-------- Extracted entries

(* Let $G$ be a (not necessarily strongly connected) directed network on node set $\mathcal{V}$, and let $G^o$ be the extended network. Let $F^{\{o\}}=(I-P_{\mathcal{V}\mathcal{V}})^{-1}$, where $P$ is the transition matrix of $G^o$. Then: (i) for all $s,t\in\mathcal{V}$, $F^{\{o\}}_{st}\neq 0$ if and only if $t$ is reachable from $s$ in $G$. (ii) Let $\mathcal{F}\subseteq\mathcal{V}$ be a nonempty set of failed nodes and $\mathcal{S}=\mathcal{F}\cup\{o\}$; then $F^{\{o\}}_{\mathcal{F}\mathcal{F}}$ is invertible, and for $s,t\in\mathcal{V}\setminus\mathcal{F}$ the quantity $$\boldsymbol{F}_{st\mathcal{S}}=F^{\{o\}}_{st}-F^{\{o\}}_{s\mathcal{F}}\big(F^{\{o\}}_{\mathcal{F}\mathcal{F}}\big)^{-1}F^{\{o\}}_{\mathcal{F}t}$$ is nonzero if and only if $t$ is reachable from $s$ in the network obtained from $G$ by deleting the nodes of $\mathcal{F}$.
   Context: $G$ has a nonnegative affinity matrix $A$ ($a_{ij}>0$ iff there is an edge from $i$ to $j$). The extended network $G^o$ is obtained by adding a new node $o$ and an edge of positive weight from every node of $\mathcal{V}$ to $o$; the random walk on $G^o$ has transition matrix $P=D^{-1}A^o$ (row-normalized affinity of $G^o$), and $o$ is treated as the target (absorbing) node. $P_{\mathcal{V}\mathcal{V}}$ is the submatrix of $P$ on rows and columns $\mathcal{V}$, so $F^{\{o\}}_{st}$ is the expected number of visits to $t$ before hitting $o$ for the walk started at $s$. $F^{\{o\}}_{s\mathcal{F}}$, $F^{\{o\}}_{\mathcal{F}\mathcal{F}}$, $F^{\{o\}}_{\mathcal{F}t}$ denote the corresponding row vector, submatrix and column vector. A node $t$ is reachable from $s$ if there is a directed path from $s$ to $t$ (each node being reachable from itself). *)

theory Defs
  imports "Jordan_Normal_Form.Matrix" "Jordan_Normal_Form.DL_Submatrix"
begin

text \<open>Nodes of G are 0..<n; A is the n x n nonnegative affinity matrix of G;
  w i > 0 is the weight of the edge from node i to the extra node o.
  trans_VV A w is the submatrix P_VV of the row-normalised transition matrix of G^o.\<close>

definition trans_VV :: "real mat \<Rightarrow> (nat \<Rightarrow> real) \<Rightarrow> real mat" where
  "trans_VV A w = mat (dim_row A) (dim_row A)
     (\<lambda>(i,j). A $$ (i,j) / ((\<Sum>k<dim_row A. A $$ (i,k)) + w i))"

definition edges :: "real mat \<Rightarrow> (nat \<times> nat) set" where
  "edges A = {(i,j). i < dim_row A \<and> j < dim_row A \<and> A $$ (i,j) > 0}"

definition reachable :: "real mat \<Rightarrow> nat \<Rightarrow> nat \<Rightarrow> bool" where
  "reachable A s t \<longleftrightarrow> (s,t) \<in> (edges A)\<^sup>*"
(* Let $(X,d)$ be a metric space and let $U\subseteq F_{USCG}(X)$. Then $U$ is totally bounded in $(F_{USCG}(X),H_{\rm end})$ if and only if $U(\alpha)=\bigcup_{u\in U}[u]_\alpha$ is totally bounded in $X$ for each $\alpha\in(0,1]$.
   Context: A fuzzy set on $X$ is a function $u:X\to[0,1]$, with $\alpha$-cuts $[u]_\alpha=\{x: u(x)\ge\alpha\}$ for $\alpha\in(0,1]$ and $[u]_0=\overline{\{u>0\}}$. $F_{USC}(X)$ is the set of fuzzy sets with all $\alpha$-cuts ($\alpha\in[0,1]$) non-empty and closed; $F_{USCG}(X)=\{u\in F_{USC}(X): [u]_\alpha\text{ compact for all }\alpha\in(0,1]\}$. $X\times[0,1]$ is metrized by $\overline{d}((x,\alpha),(y,\beta))=d(x,y)+|\alpha-\beta|$; ${\rm end}\,u=\{(x,t)\in X\times[0,1]: u(x)\ge t\}$; $H_{\rm end}(u,v)=H({\rm end}\,u,{\rm end}\,v)$ where $H$ is the Hausdorff distance $H(A,B)=\max\{\sup_{a\in A}\inf_{b\in B}\overline{d}(a,b),\sup_{b\in B}\inf_{a\in A}\overline{d}(a,b)\}$. *)

theory Defs
  imports "HOL-Analysis.Analysis"
begin

definition fuzzy :: "('a \<Rightarrow> real) \<Rightarrow> bool" where
  "fuzzy u \<longleftrightarrow> (\<forall>x. 0 \<le> u x \<and> u x \<le> 1)"

definition cut :: "('a::topological_space \<Rightarrow> real) \<Rightarrow> real \<Rightarrow> 'a set" where
  "cut u \<alpha> = (if \<alpha> = 0 then closure {x. u x > 0} else {x. u x \<ge> \<alpha>})"
(* Let $\lambda\geqslant 1$ be a cardinal and $n$ a positive integer. Then the semigroup $\mathscr{I}_\lambda^n$ is algebraically $h$-closed in the class of (Hausdorff) topological inverse semigroups. Explicitly: for every (Hausdorff) topological inverse semigroup $S$ and every homomorphism $h\colon \mathscr{I}_\lambda^n\to S$, the image $(\mathscr{I}_\lambda^n)h$ is a closed subset of $S$.
   Context: All topological spaces are Hausdorff. A topological (inverse) semigroup is a topological space with a continuous semigroup operation (and, for inverse semigroups, continuous inversion $a\mapsto a^{-1}$, where $a^{-1}$ is the unique element with $aa^{-1}a=a$, $a^{-1}aa^{-1}=a^{-1}$). For a set $X$ of cardinality $\lambda$, $\mathscr{I}(X)$ is the symmetric inverse semigroup of all partial one-to-one maps of $X$ (including the empty map) under composition $x(\alpha\beta)=(x\alpha)\beta$ on $\operatorname{dom}(\alpha\beta)=\{y\in\operatorname{dom}\alpha: y\alpha\in\operatorname{dom}\beta\}$; the rank of $\alpha$ is $|\operatorname{ran}\alpha|$, and $\mathscr{I}_\lambda^n=\{\alpha\in\mathscr{I}(X): \operatorname{rank}\alpha\leqslant n\}$. Given a class $\mathfrak{S}$ of topological semigroups: $S\in\mathfrak{S}$ is $H$-closed in $\mathfrak{S}$ if $S$ is closed in every $T\in\mathfrak{S}$ containing $S$ as a (topological) subsemigroup; $S\in\mathfrak{S}$ is absolutely $H$-closed in $\mathfrak{S}$ if every continuous homomorphic image of $S$ in any $T\in\mathfrak{S}$ (with the subspace topology) is $H$-closed in $\mathfrak{S}$; a semigroup $S$ is algebraically $h$-closed in $\mathfrak{S}$ if $S$ with the discrete topology belongs to $\mathfrak{S}$ and is absolutely $H$-closed in $\mathfrak{S}$. *)

theory Defs
  imports Complex_Main
begin
(* There is an absolute constant $C>0$ such that the following holds. Let $E \subset \mathbb{R}^2$ be compact with $\mathcal{S}^1(E) < \infty$, let $\mu$ be the one-dimensional spherical measure $\mathcal{S}^1$ restricted to $E$, and let $\sigma$ be normalised arclength measure on $S^1$. Then for every $\mu\times\sigma$-measurable set $A \subset E \times S^1$ we have $\mathrm{Fav}(A) \le C\,(\mu\times\sigma)(A)$.
   Context: For $E \subset \mathbb{R}^2$, $\mathcal{S}^1(E) = \lim_{r_+\to 0}\inf\sum_{B\in\mathcal{B}}\mathrm{diam}(B)$, the infimum over at most countable covers $\mathcal{B}$ of $E$ by open balls of radius at most $r_+$ (one-dimensional spherical measure). $\sigma$ is arclength measure on $S^1$ normalised to have total mass $1$, and $m$ is Lebesgue measure on $\mathbb{R}$. For $(c,\omega)\in\mathbb{R}\times S^1$ let $l_{c,\omega}=\{x\in\mathbb{R}^2 : x\cdot\omega = c\}$. For $A \subset \mathbb{R}^2\times S^1$, the Favard length is $\mathrm{Fav}(A) = (m\times\sigma)(\{(c,\omega)\in\mathbb{R}\times S^1 : (l_{c,\omega}\times\{\omega\})\cap A \ne \emptyset\})$. *)

theory Defs
  imports "HOL-Analysis.Analysis"
begin

text \<open>Countable covers by open balls (centres c i, radii rho i) of radius at most r;
  radius 0 gives the empty ball, which allows finite covers.\<close>
definition sph_content :: "real \<Rightarrow> (real^2) set \<Rightarrow> ennreal" where
  "sph_content r E = (INF cr \<in> {(c, rho). (\<forall>i::nat. 0 \<le> rho i \<and> rho i \<le> r) \<and>
       E \<subseteq> (\<Union>i. ball (c i) (rho i))}.
       (\<Sum>i. ennreal (diameter (ball ((fst cr) i) ((snd cr) i)))))"

text \<open>One-dimensional spherical measure: the limit as r tends to 0+ of the
  (non-increasing in r) quantities above, i.e. their supremum over r > 0.\<close>
definition spherical1 :: "(real^2) set \<Rightarrow> ennreal" where
  "spherical1 E = (SUP r \<in> {0<..}. sph_content r E)"

definition mu_E :: "(real^2) set \<Rightarrow> (real^2) measure" where
  "mu_E E = completion (measure_of UNIV (sets borel) (\<lambda>B. spherical1 (B \<inter> E)))"

definition sigma_S1 :: "(real^2) measure" where
  "sigma_S1 = distr (uniform_measure lborel {0..<2*pi}) borel
      (\<lambda>t. vector [cos t, sin t] :: real^2)"

definition Fav :: "((real^2) \<times> (real^2)) set \<Rightarrow> ennreal" where
  "Fav A = outer_measure_of (lborel \<Otimes>\<^sub>M sigma_S1)
      {(c, \<omega>). \<omega> \<in> sphere 0 1 \<and> (\<exists>x. x \<bullet> \<omega> = c \<and> (x, \<omega>) \<in> A)}"

end

theory Submission
  imports Defs
begin

text \<open>
  On a rectangle the bound holds with \<open>C = 1\<close>: a line with direction \<open>\<omega>\<close> meets the ball
  \<open>B(c, \<rho>)\<close> only if its offset lies within \<open>\<rho>\<close> of \<open>c \<bullet> \<omega>\<close>, so a cover of \<open>Y\<close> by balls of
  radii \<open>\<rho>\<^sub>i\<close> leaves, for each direction, a set of offsets of measure at most \<open>\<Sum> 2\<rho>\<^sub>i\<close>.
  Hence \<open>Fav(Y \<times> G) \<le> S\<^sup>1(Y) \<sigma>(G)\<close>. The Favard length is countably subadditive, and the
  product measure is finite (as \<open>S\<^sup>1(E) < \<infinity>\<close>), hence equal to the outer measure induced by
  measurable rectangles; so the bound passes to all measurable sets, and to the completion
  through measurable hulls. That \<open>\<mu>\<close> is a measure on the Borel sets at all is
  Carath\'eodory's criterion, \<open>S\<^sup>1\<close> being additive on positively separated sets.
\<close>

section \<open>Outer measures and Carath\'eodory's criterion\<close>

lemma ennreal_suminf_tail_le:
  fixes f :: "nat \<Rightarrow> ennreal"
  assumes fin: "(\<Sum>i. f i) \<noteq> \<infinity>" and e: "0 < e"
  obtains n where "(\<Sum>i. f (i + n)) \<le> ennreal e"
proof -
  define a where "a i = enn2real (f i)" for i
  have f_eq: "f i = ennreal (a i)" for i
    using ennreal_suminf_lessD[of f top i] fin by (simp add: a_def less_top)
  have "(\<Sum>i. ennreal (a i)) \<noteq> \<infinity>"
    using fin by (simp add: f_eq[symmetric])
  then have summable: "summable a"
    by (intro summable_suminf_not_top) (simp_all add: a_def)
  obtain n where n: "norm (\<Sum>i. a (i + n)) < e"
    using suminf_exist_split[OF e summable] by blast
  have "(\<Sum>i. f (i + n)) = ennreal (\<Sum>i. a (i + n))"
    unfolding f_eq using summable_ignore_initial_segment[OF summable]
    by (intro suminf_ennreal2) (auto simp: a_def)
  also have "\<dots> \<le> ennreal e"
    using n by (intro ennreal_leI) simp
  finally show ?thesis by (rule that)
qed

lemma outer_measure_of_countably_subadditive:
  assumes "\<And>i. A i \<subseteq> space M"
  shows "outer_measure_of M (\<Union>i. A i) \<le> (\<Sum>i. outer_measure_of M (A i))"
proof -
  obtain B where B: "\<And>i. B i \<in> sets M" "\<And>i. A i \<subseteq> B i"
    "\<And>i. outer_measure_of M (A i) = emeasure M (B i)"
    using outer_measure_of_attain[OF assms] by metis
  have "outer_measure_of M (\<Union>i. A i) \<le> outer_measure_of M (\<Union>i. B i)"
    using B(2) by (intro outer_measure_of_mono) blast
  also have "\<dots> \<le> (\<Sum>i. emeasure M (B i))"
    using B(1) by (auto intro: emeasure_subadditive_countably)
  finally show ?thesis by (simp add: B(3))
qed

lemma semiring_of_sets_rectangles:
  "semiring_of_sets (space M \<times> space N) {a \<times> b | a b. a \<in> sets M \<and> b \<in> sets N}"
proof
  show "{a \<times> b | a b. a \<in> sets M \<and> b \<in> sets N} \<subseteq> Pow (space M \<times> space N)"
    by (auto dest: sets.sets_into_space)
  show "{} \<in> {a \<times> b | a b. a \<in> sets M \<and> b \<in> sets N}" by blast
  fix x y assume "x \<in> {a \<times> b | a b. a \<in> sets M \<and> b \<in> sets N}" "y \<in> {a \<times> b | a b. a \<in> sets M \<and> b \<in> sets N}"
  then obtain a b c d where x: "x = a \<times> b" "a \<in> sets M" "b \<in> sets N"
    and y: "y = c \<times> d" "c \<in> sets M" "d \<in> sets N" by blast
  have "x \<inter> y = (a \<inter> c) \<times> (b \<inter> d)" using x y by auto
  then show "x \<inter> y \<in> {a \<times> b | a b. a \<in> sets M \<and> b \<in> sets N}" using x y by blast
  let ?C = "{(a - c) \<times> b, (a \<inter> c) \<times> (b - d)}"
  have "x - y = \<Union>?C" using x y by auto
  moreover have "?C \<subseteq> {a \<times> b | a b. a \<in> sets M \<and> b \<in> sets N}" using x y by blast
  moreover have "disjoint ?C" by (auto simp: disjoint_def)
  ultimately show "\<exists>C\<subseteq>{a \<times> b | a b. a \<in> sets M \<and> b \<in> sets N}. finite C \<and> disjoint C \<and> x - y = \<Union>C"
    by blast
qed

lemma (in ring_of_sets) measure_space_outer_measure:
  assumes pos: "positive M f" and ca: "countably_additive M f"
  shows "measure_space \<Omega> (sigma_sets \<Omega> M) (outer_measure M f)"
proof -
  have inc: "increasing M f"
    using additive_increasing ca countably_additive_additive pos by blast
  interpret Pow: sigma_algebra \<Omega> "Pow \<Omega>" by (rule sigma_algebra_Pow)
  let ?L = "lambda_system \<Omega> (Pow \<Omega>) (outer_measure M f)"
  have L: "measure_space \<Omega> ?L (outer_measure M f)"
    by (rule Pow.caratheodory_lemma[OF outer_measure_space_outer_measure[OF pos inc]])
  have "M \<subseteq> ?L"
    using algebra_subset_lambda_system[OF pos inc countably_additive_additive[OF pos ca]] .
  then have "sigma_sets \<Omega> M \<subseteq> ?L"
    using L by (intro sigma_algebra.sigma_sets_subset) (auto simp: measure_space_def)
  then show ?thesis
    by (intro measure_down[OF L] sigma_algebra_sigma_sets) (simp_all add: space_closed)
qed

text \<open>Uniqueness of the Carath\'eodory extension.\<close>

lemma emeasure_eq_outer_measure:
  assumes R: "ring_of_sets \<Omega> R" and sets_M: "sets M = sigma_sets \<Omega> R"
    and top: "\<Omega> \<in> R" and fin: "emeasure M \<Omega> \<noteq> \<infinity>" and B: "B \<in> sets M"
  shows "emeasure M B = outer_measure R (emeasure M) B"
proof -
  interpret ring_of_sets \<Omega> R by (rule R)
  have R_sets: "R \<subseteq> sets M" using sets_M by auto
  have ca: "countably_additive R (emeasure M)"
    using R_sets by (auto simp: countably_additive_def intro: emeasure_countably_additive[unfolded countably_additive_def, rule_format])
  define N where "N = measure_of \<Omega> (sigma_sets \<Omega> R) (outer_measure R (emeasure M))"
  have ms: "measure_space \<Omega> (sigma_sets \<Omega> R) (outer_measure R (emeasure M))"
    by (rule measure_space_outer_measure[OF _ ca]) (simp add: positive_def)
  have sets_N: "sets N = sigma_sets \<Omega> R"
    unfolding N_def by (rule sigma_algebra.sets_measure_of_eq[OF sigma_algebra_sigma_sets[OF space_closed]])
  have emeasure_N: "emeasure N X = outer_measure R (emeasure M) X" if "X \<in> sigma_sets \<Omega> R" for X
    unfolding N_def using ms that by (intro emeasure_measure_of_sigma) (auto simp: measure_space_def)
  have "M = N"
  proof (rule measure_eqI_generator_eq[where E = R and \<Omega> = \<Omega> and A = "\<lambda>_. \<Omega>"])
    fix X assume "X \<in> R"
    then show "emeasure M X = emeasure N X"
      by (simp add: emeasure_N outer_measure_agrees[OF _ ca] positive_def)
  qed (use Int sets_M sets_N top fin space_closed in \<open>auto simp: Int_stable_def\<close>)
  then show ?thesis using B sets_M emeasure_N by simp
qed

locale outer_measure_fun =
  fixes \<phi> :: "'a set \<Rightarrow> ennreal"
  assumes empty[simp]: "\<phi> {} = 0"
    and mono: "\<And>X Y. X \<subseteq> Y \<Longrightarrow> \<phi> X \<le> \<phi> Y"
    and countably_subadditive: "\<And>A :: nat \<Rightarrow> 'a set. \<phi> (\<Union>i. A i) \<le> (\<Sum>i. \<phi> (A i))"
begin

lemma subadditive: "\<phi> (A \<union> B) \<le> \<phi> A + \<phi> B"
  using countably_subadditive[of "binaryset A B"] by (simp add: UN_binaryset_eq suminf_binaryset_eq)

lemma subadditive_finite: "finite I \<Longrightarrow> \<phi> (\<Union>i\<in>I. A i) \<le> (\<Sum>i\<in>I. \<phi> (A i))"
proof (induction I rule: finite_induct)
  case (insert i I)
  then show ?case
    using subadditive[of "A i" "\<Union>i\<in>I. A i"] by (auto intro: order_trans add_left_mono)
qed simp

lemma restrict: "outer_measure_fun (\<lambda>A. \<phi> (A \<inter> S))"
  by unfold_locales (auto intro: mono simp: countably_subadditive[of "\<lambda>i. _ i \<inter> S", simplified])

lemma le_emeasure_if_le_on_generator:
  assumes R: "semiring_of_sets \<Omega> R" and sets_M: "sets M = sigma_sets \<Omega> R"
    and top: "\<Omega> \<in> R" and fin: "emeasure M \<Omega> \<noteq> \<infinity>"
    and le: "\<And>x. x \<in> R \<Longrightarrow> \<phi> x \<le> emeasure M x" and B: "B \<in> sets M"
  shows "\<phi> B \<le> emeasure M B"
proof -
  interpret semiring_of_sets \<Omega> R by (rule R)
  interpret ring: ring_of_sets \<Omega> generated_ring by (rule generating_ring)
  have sets_M': "sets M = sigma_sets \<Omega> generated_ring"
    by (simp add: sets_M sigma_sets_generated_ring_eq)
  have ring_le: "\<phi> x \<le> emeasure M x" if "x \<in> generated_ring" for x
  proof -
    from that obtain C where C: "finite C" "disjoint C" "C \<subseteq> R" "x = \<Union>C"
      by (rule generated_ringE)
    have "\<phi> x \<le> (\<Sum>c\<in>C. \<phi> c)"
      using subadditive_finite[OF C(1), of id] C(4) by simp
    also have "\<dots> \<le> (\<Sum>c\<in>C. emeasure M c)"
      using C(3) le by (intro sum_mono) auto
    also have "\<dots> = emeasure M x"
      using C sets_M by (subst sum_emeasure) (auto simp: disjoint_family_on_def disjoint_def)
    finally show ?thesis .
  qed
  have "\<phi> B \<le> outer_measure generated_ring (emeasure M) B"
    unfolding outer_measure_def
  proof (rule INF_greatest, clarify)
    fix A :: "nat \<Rightarrow> 'a set" assume A: "range A \<subseteq> generated_ring" "B \<subseteq> (\<Union>i. A i)"
    have "\<phi> B \<le> (\<Sum>i. \<phi> (A i))"
      using mono[OF A(2)] countably_subadditive by (rule order_trans)
    also have "\<dots> \<le> (\<Sum>i. emeasure M (A i))"
      using A(1) by (intro suminf_le ring_le) auto
    finally show "\<phi> B \<le> (\<Sum>i. emeasure M (A i))" .
  qed
  also have "\<dots> = emeasure M B"
    using emeasure_eq_outer_measure[OF generating_ring sets_M' generated_ringI_Basic[OF top] fin B]
    by simp
  finally show ?thesis .
qed

end

definition dist_shell :: "'a::metric_space set \<Rightarrow> 'a set \<Rightarrow> nat \<Rightarrow> 'a set" where
  "dist_shell X F k = {x \<in> X. 1 / (real k + 2) < infdist x F \<and> infdist x F \<le> 1 / (real k + 1)}"

lemma dist_shell_dist_ge:
  assumes "j + 2 \<le> k" "a \<in> dist_shell X F j" "b \<in> dist_shell X F k"
  shows "1 / (real j + 2) - 1 / (real j + 3) \<le> dist a b"
proof -
  have "1 / (real k + 1) \<le> 1 / (real j + 3)"
    using assms(1) by (intro divide_left_mono) auto
  then have "1 / (real j + 2) - 1 / (real j + 3) \<le> infdist a F - infdist b F"
    using assms(2,3) by (simp add: dist_shell_def)
  also have "\<dots> \<le> dist a b"
    using infdist_triangle[of a F b] by simp
  finally show ?thesis .
qed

----------------

Problem description: Starting with the line above that holds "interpret semiring_of_sets \<Omega>" and stopping with the line that holds "unfolding outer_measure_def", reproduce each line exactly, omitting all other lines.

Solution for this task:
  interpret semiring_of_sets \<Omega> R by (rule R)
  interpret ring: ring_of_sets \<Omega> generated_ring by (rule generating_ring)
  have sets_M': "sets M = sigma_sets \<Omega> generated_ring"
    by (simp add: sets_M sigma_sets_generated_ring_eq)
  have ring_le: "\<phi> x \<le> emeasure M x" if "x \<in> generated_ring" for x
  proof -
    from that obtain C where C: "finite C" "disjoint C" "C \<subseteq> R" "x = \<Union>C"
      by (rule generated_ringE)
    have "\<phi> x \<le> (\<Sum>c\<in>C. \<phi> c)"
      using subadditive_finite[OF C(1), of id] C(4) by simp
    also have "\<dots> \<le> (\<Sum>c\<in>C. emeasure M c)"
      using C(3) le by (intro sum_mono) auto
    also have "\<dots> = emeasure M x"
      using C sets_M by (subst sum_emeasure) (auto simp: disjoint_family_on_def disjoint_def)
    finally show ?thesis .
  qed
  have "\<phi> B \<le> outer_measure generated_ring (emeasure M) B"
    unfolding outer_measure_def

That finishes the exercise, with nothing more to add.